Osteoporosis is characterized by bony material loss and decreased bone strength leading to a significant increase in fracture risk. Patient-specific quantitative computed tomography (QCT) finite element (FE) models may be used to predict fracture under physiological loading. Material properties for the FE models used to predict fracture are obtained by converting grayscale values from the CT into volumetric bone mineral density (vBMD) using calibration phantoms. If there are any variations arising from the CT acquisition protocol, vBMD estimation and material property assignment could be affected, thus, affecting fracture risk prediction.
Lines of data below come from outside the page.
lemma idem_trees_root_in:
  assumes "A \<subseteq> X"
  shows "{t \<in> idem_trees X. t \<noteq> Leaf \<and> value t \<in> A}
    = (\<Union>x\<in>A. (\<lambda>(l, r). Node l x r) ` (left_trees x (X \<inter> {..x}) \<times> idem_trees (X \<inter> {x<..})))"
    (is "?lhs = ?rhs")
proof
  show "?lhs \<subseteq> ?rhs"
  proof
    fix t assume "t \<in> ?lhs"
    then obtain l x r where t: "t = Node l x r" "x \<in> A" "idem_tree t" "set_tree t = X"
      by (cases t) (auto simp: idem_trees_def)
    then have "set_tree r = X \<inter> {x<..}" and "insert x (set_tree l) = X \<inter> {..x}"
      by (auto dest: leD)
    then have "l \<in> left_trees x (X \<inter> {..x})" and "r \<in> idem_trees (X \<inter> {x<..})"
      using t by (simp_all add: left_trees_def idem_trees_def)
    then show "t \<in> ?rhs"
      using t by (intro UN_I[of x] image_eqI[where x = "(l, r)"]) auto
  qed
next
  show "?rhs \<subseteq> ?lhs"
  proof
    fix t assume "t \<in> ?rhs"
    then obtain x l r where t: "t = Node l x r" "x \<in> A"
      and l: "l \<in> left_trees x (X \<inter> {..x})" and r: "r \<in> idem_trees (X \<inter> {x<..})"
      by auto
    from l have l_set: "insert x (set_tree l) = X \<inter> {..x}"
      and l_idem: "idem_tree l" "l = Leaf \<or> value l \<noteq> x \<and> x \<in> set_tree l"
      by (simp_all add: left_trees_def)
    from r have r_set: "set_tree r = X \<inter> {x<..}" and r_idem: "idem_tree r"
      by (simp_all add: idem_trees_def)
    have "set_tree t = insert x (set_tree l) \<union> set_tree r"
      using t by auto
    also have "\<dots> = X"
      unfolding l_set r_set by auto
    finally have "set_tree t = X" .
    moreover have "\<forall>y\<in>set_tree l. y \<le> x"
      using l_set by blast
    then have "idem_tree t"
      using t l_idem r_idem r_set by simp
    ultimately show "t \<in> ?lhs"
      using t by (simp add: idem_trees_def)
  qed
qed

lemma finite_card_idem_trees_root_in:
  assumes "finite A" "A \<subseteq> X"
    and "\<And>x. x \<in> A \<Longrightarrow> finite (left_trees x (X \<inter> {..x})) \<and> finite (idem_trees (X \<inter> {x<..}))"
  shows "finite {t \<in> idem_trees X. t \<noteq> Leaf \<and> value t \<in> A}"
    and "card {t \<in> idem_trees X. t \<noteq> Leaf \<and> value t \<in> A}
      = (\<Sum>x\<in>A. card (left_trees x (X \<inter> {..x})) * card (idem_trees (X \<inter> {x<..})))"
proof -
  have inj: "inj_on (\<lambda>(l, r). Node l x r) B" for x and B :: "('a tree \<times> 'a tree) set"
    by (rule inj_onI) auto
  show "finite {t \<in> idem_trees X. t \<noteq> Leaf \<and> value t \<in> A}"
    unfolding idem_trees_root_in[OF assms(2)] using assms by auto
  have "card {t \<in> idem_trees X. t \<noteq> Leaf \<and> value t \<in> A}
      = (\<Sum>x\<in>A. card ((\<lambda>(l, r). Node l x r) ` (left_trees x (X \<inter> {..x}) \<times> idem_trees (X \<inter> {x<..}))))"
    unfolding idem_trees_root_in[OF assms(2)] using assms by (intro card_UN_disjoint) auto
  then show "card {t \<in> idem_trees X. t \<noteq> Leaf \<and> value t \<in> A}
      = (\<Sum>x\<in>A. card (left_trees x (X \<inter> {..x})) * card (idem_trees (X \<inter> {x<..})))"
    by (simp add: card_image[OF inj] card_cartesian_product)
qed
definition is_max_chain :: "'a set \<Rightarrow> ('a \<Rightarrow> 'a \<Rightarrow> bool) \<Rightarrow> 'a set \<Rightarrow> bool" where
  "is_max_chain X R C \<longleftrightarrow> is_chain X R C \<and> (\<forall>D. is_chain X R D \<and> C \<subseteq> D \<longrightarrow> D = C)"

text \<open>A maximal chain u_1 < ... < u_m, written as the strictly increasing list of its elements
  (0-indexed).\<close>
definition max_chain_list :: "'a set \<Rightarrow> ('a \<Rightarrow> 'a \<Rightarrow> bool) \<Rightarrow> 'a list \<Rightarrow> bool" where
  "max_chain_list X R us \<longleftrightarrow> sorted_wrt (plt R) us \<and> is_max_chain X R (set us)"

definition increasing_on ::
  "'a set \<Rightarrow> ('a \<Rightarrow> 'a \<Rightarrow> bool) \<Rightarrow> ('a \<times> 'a \<Rightarrow> 'a \<times> 'a) \<Rightarrow> 'a list \<Rightarrow> bool" where
  "increasing_on X R \<theta> us \<longleftrightarrow>
     (\<exists>vs. max_chain_list X R vs \<and> length vs = length us \<and>
        (\<forall>i j. i < j \<and> j < length us \<longrightarrow> \<theta> (us ! i, us ! j) = (vs ! i, vs ! j)))"

definition decreasing_on ::
  "'a set \<Rightarrow> ('a \<Rightarrow> 'a \<Rightarrow> bool) \<Rightarrow> ('a \<times> 'a \<Rightarrow> 'a \<times> 'a) \<Rightarrow> 'a list \<Rightarrow> bool" where
  "decreasing_on X R \<theta> us \<longleftrightarrow>
     (\<exists>vs. max_chain_list X R vs \<and> length vs = length us \<and>
        (\<forall>i j. i < j \<and> j < length us \<longrightarrow>
           \<theta> (us ! i, us ! j) = (vs ! (length us - 1 - j), vs ! (length us - 1 - i))))"

definition in_M :: "'a set \<Rightarrow> ('a \<Rightarrow> 'a \<Rightarrow> bool) \<Rightarrow> ('a \<times> 'a \<Rightarrow> 'a \<times> 'a) \<Rightarrow> bool" where
  "in_M X R \<theta> \<longleftrightarrow> bij_betw \<theta> (basisB X R) (basisB X R) \<and>
     (\<forall>us. max_chain_list X R us \<longrightarrow> increasing_on X R \<theta> us \<or> decreasing_on X R \<theta> us)"
(* In the standing setting, if a robust $\boldsymbol b$-flow exists, then there exists an optimal robust $\boldsymbol b$-flow $\boldsymbol f=(f^1,f^2)$ with $f^2(a)\ge f^1(a)$ for all arcs $a\in A$.
   Context: A RobMCF instance $(G,u,c,\boldsymbol b)$ consists of a finite directed graph (parallel arcs allowed) $G=(V,A)$ whose arc set is partitioned as $A=A^{\mathrm{fix}}\cup A^{\mathrm{free}}$ into fixed and free arcs, capacities $u:A\to\mathbb Z_{\ge0}$, costs $c:A\to\mathbb Z_{\ge0}$, a finite nonempty set of scenarios $\Lambda$, and balances $b^\lambda:V\to\mathbb Z$ with $\sum_{v}b^\lambda(v)=0$. A $b^\lambda$-flow is a function $f^\lambda:A\to\mathbb Z_{\ge0}$ with $f^\lambda(a)\le u(a)$ for all $a$ and $\sum_{a=(v,w)\in A}f^\lambda(a)-\sum_{a=(w,v)\in A}f^\lambda(a)=b^\lambda(v)$ for all $v\in V$; its cost is $c(f^\lambda)=\sum_a c(a)f^\lambda(a)$. A robust $\boldsymbol b$-flow is a tuple $(f^\lambda)_{\lambda\in\Lambda}$ of $b^\lambda$-flows with $f^\lambda(a)=f^{\lambda'}(a)$ for all $a\in A^{\mathrm{fix}}$, $\lambda,\lambda'\in\Lambda$; its cost is $\max_\lambda c(f^\lambda)$; it is optimal if of minimum cost. Series-parallel (SP) digraphs are defined recursively: a single arc $(o,q)$ is an SP digraph with origin $o$ and target $q$; if $G_1$ (origin $o_1$, target $q_1$) and $G_2$ (origin $o_2$, target $q_2$) are SP digraphs, then their series composition (identify $q_1$ with $o_2$; origin $o_1$, target $q_2$) and their parallel composition (identify $o_1$ with $o_2$ to form the origin and $q_1$ with $q_2$ to form the target) are SP digraphs. Standing setting: $G$ is an SP digraph with origin $o$ and target $q$, $\Lambda=\{1,2\}$, and there are integers $0\le d^1\le d^2$ with $b^\lambda(o)=d^\lambda$, $b^\lambda(q)=-d^\lambda$ and $b^\lambda(v)=0$ for all other $v$ (unique source $o$, unique sink $q$). *)

theory Defs
  imports Main
begin
lemma cadj_diff: "cadj (A - B) = cadj A - cadj B"
  unfolding cadj_def by (simp add: vec_eq_iff)

lemma cadj_matrix_mult: "cadj (A ** B) = cadj B ** cadj A"
  unfolding cadj_def matrix_matrix_mult_def by (simp add: vec_eq_iff mult.commute)

lemma cinner_matrix_vector_right: "cinner x (A *v y) = cinner (cadj A *v x) y"
  unfolding cinner_def cadj_def matrix_vector_mult_def
  by (simp add: sum_distrib_left sum_distrib_right mult_ac) (rule sum.swap)

lemma cinner_matrix_vector_left: "cinner (A *v x) y = cinner x (cadj A *v y)"
  using cinner_matrix_vector_right[of x "cadj A" y] by simp

lemma cinner_hermitian_real:
  assumes "cadj A = A"
  shows "cinner x (A *v x) = of_real (Re (cinner x (A *v x)))"
proof -
  have "cnj (cinner x (A *v x)) = cinner x (A *v x)"
    using cinner_matrix_vector_left[of A x x] assms by (simp add: cinner_commute[of "A *v x"])
  then show ?thesis by (metis Reals_cnj_iff complex_is_Real_iff of_real_Re)
qed

lemma matrix_diff_ldistrib: "(A::complex^'m^'m) ** (B - C) = A ** B - A ** C"
  unfolding matrix_matrix_mult_def by (simp add: vec_eq_iff right_diff_distrib sum_subtractf)

lemma matrix_diff_rdistrib: "((A::complex^'m^'m) - B) ** C = A ** C - B ** C"
  unfolding matrix_matrix_mult_def by (simp add: vec_eq_iff left_diff_distrib sum_subtractf)

lemma matrix_sum_ldistrib: "(A::complex^'m^'m) ** (\<Sum>i\<in>I. M i) = (\<Sum>i\<in>I. A ** M i)"
  unfolding matrix_matrix_mult_def
  by (simp add: vec_eq_iff sum_distrib_left sum.swap[where A=UNIV])

lemma matrix_sum_rdistrib: "(\<Sum>i\<in>I. M i) ** (A::complex^'m^'m) = (\<Sum>i\<in>I. M i ** A)"
  unfolding matrix_matrix_mult_def
  by (simp add: vec_eq_iff sum_distrib_right sum.swap[where A=UNIV])

lemma sum_matrix_vector: "(\<Sum>i\<in>I. M i) *v (x::complex^'m) = (\<Sum>i\<in>I. M i *v x)"
  unfolding matrix_vector_mult_def
  by (simp add: vec_eq_iff sum_distrib_right sum.swap[where A=UNIV])

lemma matrix_vector_scale: "(A::complex^'m^'m) *v (c *s x) = c *s (A *v x)"
  unfolding matrix_vector_mult_def by (simp add: vec_eq_iff sum_distrib_left mult_ac)

lemma outer_matrix_vector: "outer y z *v x = cinner z x *s y"
  unfolding outer_def matrix_vector_mult_def cinner_def
  by (simp add: vec_eq_iff sum_distrib_left mult_ac)

lemma matrix_outer_cadj: "A ** outer x y ** cadj B = outer (A *v x) (B *v y)"
  unfolding outer_def matrix_matrix_mult_def cadj_def matrix_vector_mult_def
  by (simp add: vec_eq_iff sum_distrib_left sum_distrib_right mult_ac)

lemma trace_mult_outer_sum:
  "trace (M ** (\<Sum>i\<in>I. outer (v i) (v i))) = (\<Sum>i\<in>I. cinner (v i) (M *v v i))"
  unfolding trace_def cinner_def matrix_vector_mult_def matrix_matrix_mult_def outer_def
  by (simp add: sum_distrib_left sum_distrib_right mult_ac sum.swap[where A=I])

lemma trace_hermitian_sandwich:
  assumes "cadj D = D"
  shows "trace (D ** (M ** D)) = (\<Sum>k\<in>UNIV. cinner (column k D) (M *v column k D))"
proof -
  have "cnj (D $ i $ k) = D $ k $ i" for i k
    using assms unfolding cadj_def by (metis vec_lambda_beta)
  then show ?thesis
    unfolding trace_def cinner_def column_def matrix_vector_mult_def matrix_matrix_mult_def
    by (simp add: sum_distrib_left mult_ac)
qed
theorem theorem8p1:
  fixes s k K :: nat and V :: "'v set" and E :: "'v set set" and T :: "'v set set set"
    and w :: "'v set set \<Rightarrow> real" and lam :: real
    and C :: "('v \<Rightarrow> 'f::{field,finite}) set"
  assumes "two_layer_system s k K V E T"
    and "\<forall>\<sigma>\<in>T. w \<sigma> > 0"
    and "lam \<ge> 0"
    and "ground_graph_expander lam V E T w"
    and "modelled_over V E T C"
  shows "\<forall>c\<in>C. c \<noteq> (\<lambda>_. 0) \<longrightarrow>
    code_norm V T w c \<ge> 16 / (real s ^ 4 * (real s - 1)^2 * real k)
                          * (1 - real s * (real s - 1) * (real k - 1) * lam)"
proof (intro ballI impI)
  fix c assume "c \<in> C" and "c \<noteq> (\<lambda>_. 0)"
  interpret weighted_two_layer_system s k K V E T w
    using assms(1,2) by unfold_locales auto
  define S where "S = {v\<in>V. c v \<noteq> 0}"
  have "S \<subseteq> V" by (simp add: S_def)
  have "c \<in> vecs V" using modelled_over_subset_vecs[OF assms(5)] \<open>c \<in> C\<close> by blast
  with \<open>c \<noteq> (\<lambda>_. 0)\<close> have "S \<noteq> {}" by (auto simp: S_def vecs_def)
  have twice: "meets_twice E S"
    unfolding S_def using assms(5) finite_V \<open>c \<in> C\<close> by (rule support_meets_twice)
  have norm: "code_norm V T w c = sum (wV T w) S / sum (wV T w) V"
    unfolding code_norm_def S_def by simp
  show "16 / (real s ^ 4 * (real s - 1)^2 * real k) * (1 - real s * (real s - 1) * (real k - 1) * lam)
    \<le> code_norm V T w c"
  proof (rule norm_bound_weakening)
    show "2 \<le> real s" using two_le_s \<open>S \<subseteq> V\<close> \<open>S \<noteq> {}\<close> by auto
    show "2 \<le> real k" using two_le_k[OF twice \<open>S \<subseteq> V\<close> \<open>S \<noteq> {}\<close>] by simp
    show "0 \<le> code_norm V T w c" unfolding norm by (intro divide_nonneg_nonneg sum_nonneg wV_nonneg)
    show "2 / (real s * (real k - 1)) * (1 - (real k - 1) * lam) \<le> code_norm V T w c"
      unfolding norm using assms(4,3) twice \<open>S \<subseteq> V\<close> \<open>S \<noteq> {}\<close> by (rule support_weight_ratio_ge)
  qed (rule assms(3))
qed

end
(* Let $(A,d,\Delta,\mu)$ be a connected DG-bialgebra over $\mathbb{Z}_2$ and $\Omega A$ its reduced cobar construction. For $k\ge1$ define $E_{1,k}:\Omega A\otimes(\Omega A)^{\otimes k}\to\Omega A$ by $$E_{1,k}([a_1,\dots,a_n];y_1,\dots,y_k)=\sum_{1\le i_1<\cdots<i_k\le n}[a_1,\dots,a_{i_1-1},a_{i_1}\diamond y_1,a_{i_1+1},\dots,a_{i_k-1},a_{i_k}\diamond y_k,a_{i_k+1},\dots,a_n]$$ (so it is $0$ if $n<k$), and set $E_{1,0}(x)=x$. Then $(\Omega A,d_\Omega,\cdot,\{E_{1,k}\})$ is a homotopy G-algebra, i.e. for all $x,x_1,x_2,y_i,z_j\in\Omega A$: (1) (higher homotopies) for $k\ge1$, $d_\Omega E_{1,k}(x;y_1,\dots,y_k)+E_{1,k}(d_\Omega x;y_1,\dots,y_k)+\sum_{i}E_{1,k}(x;y_1,\dots,d_\Omega y_i,\dots,y_k)= y_1\cdot E_{1,k-1}(x;y_2,\dots,y_k)+E_{1,k-1}(x;y_1,\dots,y_{k-1})\cdot y_k+\sum_{i=1}^{k-1}E_{1,k-1}(x;y_1,\dots,y_i\cdot y_{i+1},\dots,y_k)$; (2) (distributivity) for $k\ge1$, $E_{1,k}(x_1\cdot x_2;y_1,\dots,y_k)=x_1\cdot E_{1,k}(x_2;y_1,\dots,y_k)+E_{1,k}(x_1;y_1,\dots,y_k)\cdot x_2+\sum_{p=1}^{k-1}E_{1,p}(x_1;y_1,\dots,y_p)\cdot E_{1,k-p}(x_2;y_{p+1},\dots,y_k)$; (3) (higher pre-Jacobi identities) for $m,n\ge1$, $E_{1,n}(E_{1,m}(x;y_1,\dots,y_m);z_1,\dots,z_n)=\sum E_{1,\,n-(n_1+\cdots+n_m)+m}\big(x;z_1,\dots,z_{i_1},E_{1,n_1}(y_1;z_{i_1+1},\dots,z_{i_1+n_1}),z_{i_1+n_1+1},\dots,z_{i_2},E_{1,n_2}(y_2;z_{i_2+1},\dots,z_{i_2+n_2}),\dots,z_{i_m},E_{1,n_m}(y_m;z_{i_m+1},\dots,z_{i_m+n_m}),z_{i_m+n_m+1},\dots,z_n\big)$, the sum over all $n_1,\dots,n_m\ge0$ and $0\le i_1\le i_1+n_1\le i_2\le i_2+n_2\le\cdots\le i_m\le i_m+n_m\le n$. In particular $E_{1,1}$ is the Adams $\smile_1$-product, $[a_1,\dots,a_m]\smile_1[b_1,\dots,b_n]=\sum_k[a_1,\dots,a_{k-1},a_k^{(1)}\cdot b_1,\dots,a_k^{(n)}\cdot b_n,a_{k+1},\dots,a_m]$.
   Context: Work over $\mathbb{Z}_2$ (signs ignored). A DG-bialgebra $(A,d,\Delta,\mu)$ is a DG-coalgebra with counit together with an associative unital multiplication $a\cdot b=\mu(a\otimes b)$ which is a morphism of DG-coalgebras; connected means degree-0 part $\mathbb{Z}_2$; $\bar A$ is the positive part. $\Delta^s:A\to A^{\otimes s}$ is the iterated diagonal ($\Delta^1=\mathrm{id}$, $\Delta^s=(\Delta^{s-1}\otimes\mathrm{id})\Delta$), written $\Delta^s(a)=a^{(1)}\otimes\cdots\otimes a^{(s)}$ with summation understood. Write $\Delta=\mathrm{id}\otimes1+1\otimes\mathrm{id}+\Delta'$. The reduced cobar construction $\Omega A$ is the tensor algebra $T(s\bar A)$ with elements $[a_1,\dots,a_n]$, concatenation product $\cdot$, and differential the derivation $d_\Omega$ with $d_\Omega[a]=[da]+\sum[a',a'']$ for $\Delta'(a)=\sum a'\otimes a''$. For $a\in\bar A$ and $y=[b_1,\dots,b_s]\in\Omega A$, $a\diamond y$ denotes the string $a^{(1)}\cdot b_1,\dots,a^{(s)}\cdot b_s$ (using $\Delta^s(a)$), inserted into the bracket, extended linearly in $y$. *)

theory Defs
  imports Main
begin

text \<open>A Z_2-vector space with basis of type 'x is represented by the finite subsets
  of 'x (a finite set = the sum of its elements).  Addition is symmetric difference.
  zsum f S is the Z_2-sum over s in S of the vectors f s.\<close>

definition zadd :: "'x set \<Rightarrow> 'x set \<Rightarrow> 'x set" where
  "zadd P Q = (P - Q) \<union> (Q - P)"

definition zsum :: "('i \<Rightarrow> 'x set) \<Rightarrow> 'i set \<Rightarrow> 'x set" where
  "zsum f S = {y. odd (card {s \<in> S. y \<in> f s})}"

text \<open>bunit is the unit 1 (a basis element), bcounit b is the value of the counit on
  the basis element b, bd b = d(b), bdiag b = Delta(b) in A (x) A (basis: pairs),
  bmult b c = b.c .  All maps are extended Z_2-linearly via zsum.\<close>

record 'b dgba =
  bdeg :: "'b \<Rightarrow> nat"
  bd :: "'b \<Rightarrow> 'b set"
  bunit :: 'b
  bcounit :: "'b \<Rightarrow> bool"
  bdiag :: "'b \<Rightarrow> ('b \<times> 'b) set"
  bmult :: "'b \<Rightarrow> 'b \<Rightarrow> 'b set"

definition connected_dg_bialgebra :: "'b dgba \<Rightarrow> bool" where
  "connected_dg_bialgebra A \<longleftrightarrow>
     \<comment> \<open>finiteness (maps land in the vector space)\<close>
     (\<forall>b. finite (bd A b) \<and> finite (bdiag A b)) \<and> (\<forall>b c. finite (bmult A b c)) \<and>
     \<comment> \<open>grading: d homogeneous of degree +1 or -1, Delta, mu, counit of degree 0\<close>
     (\<exists>\<delta>::int. (\<delta> = 1 \<or> \<delta> = -1) \<and>
        (\<forall>b x. x \<in> bd A b \<longrightarrow> int (bdeg A x) = int (bdeg A b) + \<delta>)) \<and>
     (\<forall>b x y. (x, y) \<in> bdiag A b \<longrightarrow> bdeg A x + bdeg A y = bdeg A b) \<and>
     (\<forall>b c x. x \<in> bmult A b c \<longrightarrow> bdeg A x = bdeg A b + bdeg A c) \<and>
     (\<forall>b. bcounit A b \<longrightarrow> bdeg A b = 0) \<and>
     \<comment> \<open>connected: the degree-0 part is spanned by the unit\<close>
     (\<forall>b. bdeg A b = 0 \<longleftrightarrow> b = bunit A) \<and>
     \<comment> \<open>DG-coalgebra with counit\<close>
     (\<forall>b. zsum (bd A) (bd A b) = {}) \<and>
     (\<forall>b. zsum (\<lambda>(x, y). zsum (\<lambda>(u, v). {(u, v, y)}) (bdiag A x)) (bdiag A b)
          = zsum (\<lambda>(x, y). zsum (\<lambda>(u, v). {(x, u, v)}) (bdiag A y)) (bdiag A b)) \<and>
     (\<forall>b. zsum (\<lambda>(x, y). if bcounit A x then {y} else {}) (bdiag A b) = {b}) \<and>
     (\<forall>b. zsum (\<lambda>(x, y). if bcounit A y then {x} else {}) (bdiag A b) = {b}) \<and>
     (\<forall>b. zsum (bdiag A) (bd A b)
          = zsum (\<lambda>(x, y). zadd (zsum (\<lambda>u. {(u, y)}) (bd A x)) (zsum (\<lambda>v. {(x, v)}) (bd A y)))
                 (bdiag A b)) \<and>
     (\<forall>b. even (card {x \<in> bd A b. bcounit A x})) \<and>
     \<comment> \<open>associative unital multiplication\<close>
     (\<forall>b c g. zsum (\<lambda>x. bmult A x g) (bmult A b c) = zsum (\<lambda>x. bmult A b x) (bmult A c g)) \<and>
     (\<forall>b. bmult A (bunit A) b = {b} \<and> bmult A b (bunit A) = {b}) \<and>
     \<comment> \<open>multiplication is a morphism of DG-coalgebras\<close>
     (\<forall>b c. zsum (bd A) (bmult A b c)
          = zadd (zsum (\<lambda>x. bmult A x c) (bd A b)) (zsum (\<lambda>x. bmult A b x) (bd A c))) \<and>
     (\<forall>b c. zsum (bdiag A) (bmult A b c)
          = zsum (\<lambda>((x1, y1), (x2, y2)). zsum (\<lambda>u. zsum (\<lambda>v. {(u, v)}) (bmult A y1 y2)) (bmult A x1 x2))
                 (bdiag A b \<times> bdiag A c)) \<and>
     (\<forall>b c. odd (card {x \<in> bmult A b c. bcounit A x}) \<longleftrightarrow> bcounit A b \<and> bcounit A c)"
We hypothesized that material property assignments may be dependent on scanning and postprocessing settings including voltage, current, and reconstruction kernel, thus potentially having an effect in fracture risk prediction. A rabbit femur and a standard calibration phantom were imaged by QCT using different protocols. Cortical and cancellous regions were segmented, their average Hounsfield unit (HU) values obtained and converted to vBMD. Estimated vBMD for the cortical and cancellous regions were affected by voltage and kernel but not by current. Our study demonstrated that there exists a significant variation in the estimated vBMD values obtained with different scanning acquisitions. In addition, the large noise differences observed utilizing different scanning parameters could have an important negative effect on small subregions containing fewer voxels.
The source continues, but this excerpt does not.